▶ [Prompt]: Starting at the line below holding "then show ?thesis using False by linarith" and stopping at the line holding "i, j) \<or> (0", print every line exactly, both ends included, and leave the rest out.
[[ Data supplied, beginning ]]
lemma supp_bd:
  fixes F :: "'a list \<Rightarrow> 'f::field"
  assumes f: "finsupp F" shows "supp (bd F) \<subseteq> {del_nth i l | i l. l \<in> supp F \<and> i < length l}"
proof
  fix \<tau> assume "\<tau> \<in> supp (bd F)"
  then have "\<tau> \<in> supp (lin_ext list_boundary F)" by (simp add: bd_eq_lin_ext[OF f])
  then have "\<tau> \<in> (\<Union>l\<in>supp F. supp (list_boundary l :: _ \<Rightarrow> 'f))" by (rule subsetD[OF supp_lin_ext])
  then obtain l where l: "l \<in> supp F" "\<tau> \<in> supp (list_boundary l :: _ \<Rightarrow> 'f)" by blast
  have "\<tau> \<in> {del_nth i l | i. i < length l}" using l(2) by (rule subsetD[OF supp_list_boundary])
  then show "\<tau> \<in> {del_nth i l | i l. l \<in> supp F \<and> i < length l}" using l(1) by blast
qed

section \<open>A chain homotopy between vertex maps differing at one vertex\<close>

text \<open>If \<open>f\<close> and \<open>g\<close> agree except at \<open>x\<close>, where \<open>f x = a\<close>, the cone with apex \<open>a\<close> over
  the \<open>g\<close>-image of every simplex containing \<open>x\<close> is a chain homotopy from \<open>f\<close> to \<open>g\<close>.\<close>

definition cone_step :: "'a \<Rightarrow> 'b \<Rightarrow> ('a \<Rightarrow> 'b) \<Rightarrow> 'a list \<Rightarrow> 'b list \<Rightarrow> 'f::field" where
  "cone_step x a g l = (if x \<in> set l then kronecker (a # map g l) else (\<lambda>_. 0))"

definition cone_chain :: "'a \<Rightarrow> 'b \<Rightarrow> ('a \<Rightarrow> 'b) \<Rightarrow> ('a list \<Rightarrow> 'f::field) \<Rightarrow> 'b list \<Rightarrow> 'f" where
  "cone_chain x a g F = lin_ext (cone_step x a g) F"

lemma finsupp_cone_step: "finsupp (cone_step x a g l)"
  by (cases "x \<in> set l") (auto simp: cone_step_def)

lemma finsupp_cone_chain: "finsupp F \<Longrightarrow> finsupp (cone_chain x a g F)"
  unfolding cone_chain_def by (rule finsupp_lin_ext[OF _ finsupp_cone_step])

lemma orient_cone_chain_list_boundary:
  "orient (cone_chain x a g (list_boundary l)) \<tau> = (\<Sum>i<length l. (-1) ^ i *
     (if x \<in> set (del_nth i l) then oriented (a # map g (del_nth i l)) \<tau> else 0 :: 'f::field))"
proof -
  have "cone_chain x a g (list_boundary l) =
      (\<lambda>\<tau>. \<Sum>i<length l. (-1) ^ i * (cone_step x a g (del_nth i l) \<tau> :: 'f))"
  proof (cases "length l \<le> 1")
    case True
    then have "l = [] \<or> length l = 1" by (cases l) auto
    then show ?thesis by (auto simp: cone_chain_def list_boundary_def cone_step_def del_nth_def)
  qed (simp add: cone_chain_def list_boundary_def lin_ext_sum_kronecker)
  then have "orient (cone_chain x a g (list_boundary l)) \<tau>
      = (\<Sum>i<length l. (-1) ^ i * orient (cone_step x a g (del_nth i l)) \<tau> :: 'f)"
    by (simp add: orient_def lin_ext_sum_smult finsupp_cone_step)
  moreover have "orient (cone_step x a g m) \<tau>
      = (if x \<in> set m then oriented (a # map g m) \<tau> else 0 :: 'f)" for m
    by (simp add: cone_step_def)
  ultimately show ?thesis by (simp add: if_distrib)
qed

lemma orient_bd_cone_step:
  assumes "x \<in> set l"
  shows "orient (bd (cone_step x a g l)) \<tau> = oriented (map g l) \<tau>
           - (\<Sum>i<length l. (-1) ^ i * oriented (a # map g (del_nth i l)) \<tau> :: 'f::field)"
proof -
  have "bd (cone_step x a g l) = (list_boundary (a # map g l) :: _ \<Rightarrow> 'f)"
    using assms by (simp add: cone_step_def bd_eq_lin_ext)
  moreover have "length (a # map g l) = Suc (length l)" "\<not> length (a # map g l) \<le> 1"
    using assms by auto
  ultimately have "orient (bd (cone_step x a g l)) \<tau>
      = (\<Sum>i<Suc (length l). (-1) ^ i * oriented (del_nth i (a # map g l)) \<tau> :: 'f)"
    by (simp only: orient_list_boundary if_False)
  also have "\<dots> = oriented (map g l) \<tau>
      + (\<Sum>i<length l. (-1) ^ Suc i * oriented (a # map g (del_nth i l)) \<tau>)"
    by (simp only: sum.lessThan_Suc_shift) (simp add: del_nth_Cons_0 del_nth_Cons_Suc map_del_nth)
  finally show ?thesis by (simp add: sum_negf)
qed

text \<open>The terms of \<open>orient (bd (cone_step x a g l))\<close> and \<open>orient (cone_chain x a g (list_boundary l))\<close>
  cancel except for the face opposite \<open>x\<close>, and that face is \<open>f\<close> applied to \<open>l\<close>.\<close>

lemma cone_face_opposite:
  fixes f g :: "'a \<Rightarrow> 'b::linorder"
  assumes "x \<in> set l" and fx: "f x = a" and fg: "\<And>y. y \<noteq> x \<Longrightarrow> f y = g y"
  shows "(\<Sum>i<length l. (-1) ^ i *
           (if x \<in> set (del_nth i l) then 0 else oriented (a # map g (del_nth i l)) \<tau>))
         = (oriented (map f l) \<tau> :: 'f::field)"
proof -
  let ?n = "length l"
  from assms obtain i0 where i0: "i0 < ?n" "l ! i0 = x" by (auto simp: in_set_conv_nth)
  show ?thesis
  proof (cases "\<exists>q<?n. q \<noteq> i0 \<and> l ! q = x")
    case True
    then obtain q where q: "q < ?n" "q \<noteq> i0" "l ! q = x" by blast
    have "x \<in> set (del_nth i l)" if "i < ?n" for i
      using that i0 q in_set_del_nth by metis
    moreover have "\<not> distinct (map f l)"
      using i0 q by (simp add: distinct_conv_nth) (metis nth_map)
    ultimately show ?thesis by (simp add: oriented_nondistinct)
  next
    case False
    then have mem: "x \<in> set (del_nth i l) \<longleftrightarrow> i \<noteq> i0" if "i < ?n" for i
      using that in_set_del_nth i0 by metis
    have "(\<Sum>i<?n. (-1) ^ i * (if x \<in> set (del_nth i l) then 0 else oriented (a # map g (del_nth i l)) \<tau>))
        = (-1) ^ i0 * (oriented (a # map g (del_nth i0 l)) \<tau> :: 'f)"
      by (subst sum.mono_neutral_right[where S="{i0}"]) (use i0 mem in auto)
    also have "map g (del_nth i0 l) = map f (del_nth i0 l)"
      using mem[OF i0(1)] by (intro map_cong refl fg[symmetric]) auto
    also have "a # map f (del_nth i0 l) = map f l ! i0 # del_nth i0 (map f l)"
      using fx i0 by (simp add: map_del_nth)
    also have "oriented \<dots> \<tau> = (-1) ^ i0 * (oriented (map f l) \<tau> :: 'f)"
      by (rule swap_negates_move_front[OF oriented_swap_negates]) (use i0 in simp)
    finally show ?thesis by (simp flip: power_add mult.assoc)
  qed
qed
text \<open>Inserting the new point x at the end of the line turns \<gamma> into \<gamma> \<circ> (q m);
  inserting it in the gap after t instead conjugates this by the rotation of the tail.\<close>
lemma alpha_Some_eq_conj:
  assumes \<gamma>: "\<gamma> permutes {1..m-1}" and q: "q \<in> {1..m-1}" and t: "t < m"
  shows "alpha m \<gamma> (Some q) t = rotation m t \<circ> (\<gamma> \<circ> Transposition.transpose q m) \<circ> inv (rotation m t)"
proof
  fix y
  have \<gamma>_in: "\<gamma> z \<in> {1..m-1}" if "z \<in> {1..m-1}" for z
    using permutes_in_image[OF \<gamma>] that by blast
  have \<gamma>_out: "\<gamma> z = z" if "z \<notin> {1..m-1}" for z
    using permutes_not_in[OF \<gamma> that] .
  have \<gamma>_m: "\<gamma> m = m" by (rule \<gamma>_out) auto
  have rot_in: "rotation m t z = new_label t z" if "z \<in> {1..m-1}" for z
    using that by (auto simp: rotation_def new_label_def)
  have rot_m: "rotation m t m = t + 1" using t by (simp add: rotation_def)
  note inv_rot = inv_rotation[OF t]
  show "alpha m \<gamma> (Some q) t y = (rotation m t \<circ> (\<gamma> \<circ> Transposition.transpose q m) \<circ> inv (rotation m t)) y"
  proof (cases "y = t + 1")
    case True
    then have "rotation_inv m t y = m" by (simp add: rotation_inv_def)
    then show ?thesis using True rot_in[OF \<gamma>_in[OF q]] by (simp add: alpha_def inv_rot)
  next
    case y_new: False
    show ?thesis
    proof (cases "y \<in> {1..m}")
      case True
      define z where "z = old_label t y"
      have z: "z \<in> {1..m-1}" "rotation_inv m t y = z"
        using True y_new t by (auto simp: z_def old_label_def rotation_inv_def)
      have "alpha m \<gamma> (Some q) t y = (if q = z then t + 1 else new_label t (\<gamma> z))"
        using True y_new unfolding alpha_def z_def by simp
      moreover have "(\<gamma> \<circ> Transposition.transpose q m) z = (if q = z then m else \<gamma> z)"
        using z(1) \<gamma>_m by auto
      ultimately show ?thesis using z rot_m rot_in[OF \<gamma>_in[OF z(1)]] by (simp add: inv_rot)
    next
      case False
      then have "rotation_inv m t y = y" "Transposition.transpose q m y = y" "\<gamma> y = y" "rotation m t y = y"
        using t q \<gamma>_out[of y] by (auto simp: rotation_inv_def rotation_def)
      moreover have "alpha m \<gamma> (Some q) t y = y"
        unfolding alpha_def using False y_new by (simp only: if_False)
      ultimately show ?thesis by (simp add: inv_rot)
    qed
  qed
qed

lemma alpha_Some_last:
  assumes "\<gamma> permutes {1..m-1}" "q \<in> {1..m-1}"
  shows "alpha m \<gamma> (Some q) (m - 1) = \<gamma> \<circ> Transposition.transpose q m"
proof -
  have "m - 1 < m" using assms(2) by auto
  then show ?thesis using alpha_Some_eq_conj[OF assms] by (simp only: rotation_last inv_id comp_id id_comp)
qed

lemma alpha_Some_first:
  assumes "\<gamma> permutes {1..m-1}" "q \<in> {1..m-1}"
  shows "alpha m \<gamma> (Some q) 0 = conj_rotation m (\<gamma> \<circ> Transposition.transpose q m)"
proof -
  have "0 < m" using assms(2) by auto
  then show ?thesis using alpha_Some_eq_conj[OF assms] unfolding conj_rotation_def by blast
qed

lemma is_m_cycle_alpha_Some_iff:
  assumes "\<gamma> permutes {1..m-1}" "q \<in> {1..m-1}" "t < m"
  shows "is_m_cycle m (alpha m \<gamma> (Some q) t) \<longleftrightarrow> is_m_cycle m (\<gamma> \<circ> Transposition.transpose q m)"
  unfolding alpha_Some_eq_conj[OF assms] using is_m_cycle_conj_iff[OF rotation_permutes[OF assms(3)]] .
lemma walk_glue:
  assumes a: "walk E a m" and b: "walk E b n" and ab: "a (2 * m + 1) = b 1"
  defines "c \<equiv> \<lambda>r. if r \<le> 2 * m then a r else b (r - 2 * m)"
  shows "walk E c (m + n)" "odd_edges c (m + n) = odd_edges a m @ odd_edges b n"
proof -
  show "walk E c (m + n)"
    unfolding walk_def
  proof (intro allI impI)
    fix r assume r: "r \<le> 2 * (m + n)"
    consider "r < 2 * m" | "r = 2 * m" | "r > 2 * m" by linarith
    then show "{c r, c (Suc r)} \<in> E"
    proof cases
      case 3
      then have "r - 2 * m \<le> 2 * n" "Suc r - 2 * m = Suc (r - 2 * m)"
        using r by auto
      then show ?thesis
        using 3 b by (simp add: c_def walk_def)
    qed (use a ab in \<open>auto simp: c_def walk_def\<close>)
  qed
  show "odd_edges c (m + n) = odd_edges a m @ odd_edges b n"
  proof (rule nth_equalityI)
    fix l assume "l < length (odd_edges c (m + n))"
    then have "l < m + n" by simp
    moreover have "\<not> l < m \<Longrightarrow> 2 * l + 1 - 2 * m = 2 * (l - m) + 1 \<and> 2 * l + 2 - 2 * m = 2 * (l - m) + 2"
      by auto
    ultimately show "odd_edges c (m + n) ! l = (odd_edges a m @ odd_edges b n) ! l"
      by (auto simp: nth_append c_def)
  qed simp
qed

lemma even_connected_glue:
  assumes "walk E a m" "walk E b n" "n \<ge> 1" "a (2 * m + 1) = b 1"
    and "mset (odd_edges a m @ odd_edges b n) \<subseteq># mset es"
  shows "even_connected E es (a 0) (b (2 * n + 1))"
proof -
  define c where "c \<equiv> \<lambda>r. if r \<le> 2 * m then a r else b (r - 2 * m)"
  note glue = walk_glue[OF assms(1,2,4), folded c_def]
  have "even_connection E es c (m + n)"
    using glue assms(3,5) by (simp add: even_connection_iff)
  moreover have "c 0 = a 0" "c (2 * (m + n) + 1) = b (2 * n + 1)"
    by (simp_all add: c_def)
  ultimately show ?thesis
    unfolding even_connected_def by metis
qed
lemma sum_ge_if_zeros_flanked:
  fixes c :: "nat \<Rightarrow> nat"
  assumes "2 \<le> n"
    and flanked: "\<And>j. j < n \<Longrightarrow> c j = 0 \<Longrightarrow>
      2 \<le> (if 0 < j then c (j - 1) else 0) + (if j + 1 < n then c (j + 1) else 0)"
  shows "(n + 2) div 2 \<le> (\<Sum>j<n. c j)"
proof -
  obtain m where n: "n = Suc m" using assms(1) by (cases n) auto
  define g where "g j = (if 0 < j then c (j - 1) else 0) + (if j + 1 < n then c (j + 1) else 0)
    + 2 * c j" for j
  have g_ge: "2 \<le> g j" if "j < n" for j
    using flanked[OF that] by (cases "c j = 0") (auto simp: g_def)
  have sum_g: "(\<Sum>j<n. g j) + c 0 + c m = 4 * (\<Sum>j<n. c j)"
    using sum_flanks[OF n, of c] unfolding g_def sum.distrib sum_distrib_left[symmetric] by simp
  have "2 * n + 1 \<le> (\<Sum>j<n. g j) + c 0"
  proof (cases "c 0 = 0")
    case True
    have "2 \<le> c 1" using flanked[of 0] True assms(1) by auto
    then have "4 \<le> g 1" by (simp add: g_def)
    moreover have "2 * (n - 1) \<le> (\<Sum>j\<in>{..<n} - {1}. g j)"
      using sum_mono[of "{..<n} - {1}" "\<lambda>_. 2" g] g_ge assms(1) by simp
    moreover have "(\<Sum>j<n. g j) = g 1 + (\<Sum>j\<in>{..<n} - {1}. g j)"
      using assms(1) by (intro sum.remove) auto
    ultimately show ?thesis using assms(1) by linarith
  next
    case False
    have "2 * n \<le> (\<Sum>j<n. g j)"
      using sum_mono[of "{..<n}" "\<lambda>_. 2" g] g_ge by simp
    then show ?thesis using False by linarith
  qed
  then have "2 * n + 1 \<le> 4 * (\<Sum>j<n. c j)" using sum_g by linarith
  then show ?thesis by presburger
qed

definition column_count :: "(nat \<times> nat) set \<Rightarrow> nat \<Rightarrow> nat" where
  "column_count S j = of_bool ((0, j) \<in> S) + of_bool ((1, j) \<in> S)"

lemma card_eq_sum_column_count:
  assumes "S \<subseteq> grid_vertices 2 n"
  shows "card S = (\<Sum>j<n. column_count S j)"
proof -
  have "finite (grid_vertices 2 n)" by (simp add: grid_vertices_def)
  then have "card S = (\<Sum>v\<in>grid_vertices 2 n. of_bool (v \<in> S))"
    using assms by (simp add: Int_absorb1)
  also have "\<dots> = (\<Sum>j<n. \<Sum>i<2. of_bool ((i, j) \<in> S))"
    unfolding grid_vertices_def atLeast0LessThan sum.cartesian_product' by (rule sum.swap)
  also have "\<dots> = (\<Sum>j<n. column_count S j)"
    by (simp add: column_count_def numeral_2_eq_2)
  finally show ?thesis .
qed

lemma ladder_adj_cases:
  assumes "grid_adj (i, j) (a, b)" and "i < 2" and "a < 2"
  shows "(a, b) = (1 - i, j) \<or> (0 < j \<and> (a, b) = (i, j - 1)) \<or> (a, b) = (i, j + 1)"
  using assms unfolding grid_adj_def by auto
[[ Data supplied, end ]]
▶ [Solution]:
    then show ?thesis using False by linarith
  qed
  then have "2 * n + 1 \<le> 4 * (\<Sum>j<n. c j)" using sum_g by linarith
  then show ?thesis by presburger
qed

definition column_count :: "(nat \<times> nat) set \<Rightarrow> nat \<Rightarrow> nat" where
  "column_count S j = of_bool ((0, j) \<in> S) + of_bool ((1, j) \<in> S)"

lemma card_eq_sum_column_count:
  assumes "S \<subseteq> grid_vertices 2 n"
  shows "card S = (\<Sum>j<n. column_count S j)"
proof -
  have "finite (grid_vertices 2 n)" by (simp add: grid_vertices_def)
  then have "card S = (\<Sum>v\<in>grid_vertices 2 n. of_bool (v \<in> S))"
    using assms by (simp add: Int_absorb1)
  also have "\<dots> = (\<Sum>j<n. \<Sum>i<2. of_bool ((i, j) \<in> S))"
    unfolding grid_vertices_def atLeast0LessThan sum.cartesian_product' by (rule sum.swap)
  also have "\<dots> = (\<Sum>j<n. column_count S j)"
    by (simp add: column_count_def numeral_2_eq_2)
  finally show ?thesis .
qed

lemma ladder_adj_cases:
  assumes "grid_adj (i, j) (a, b)" and "i < 2" and "a < 2"
  shows "(a, b) = (1 - i, j) \<or> (0 < j \<and> (a, b) = (i, j - 1)) \<or> (a, b) = (i, j + 1)"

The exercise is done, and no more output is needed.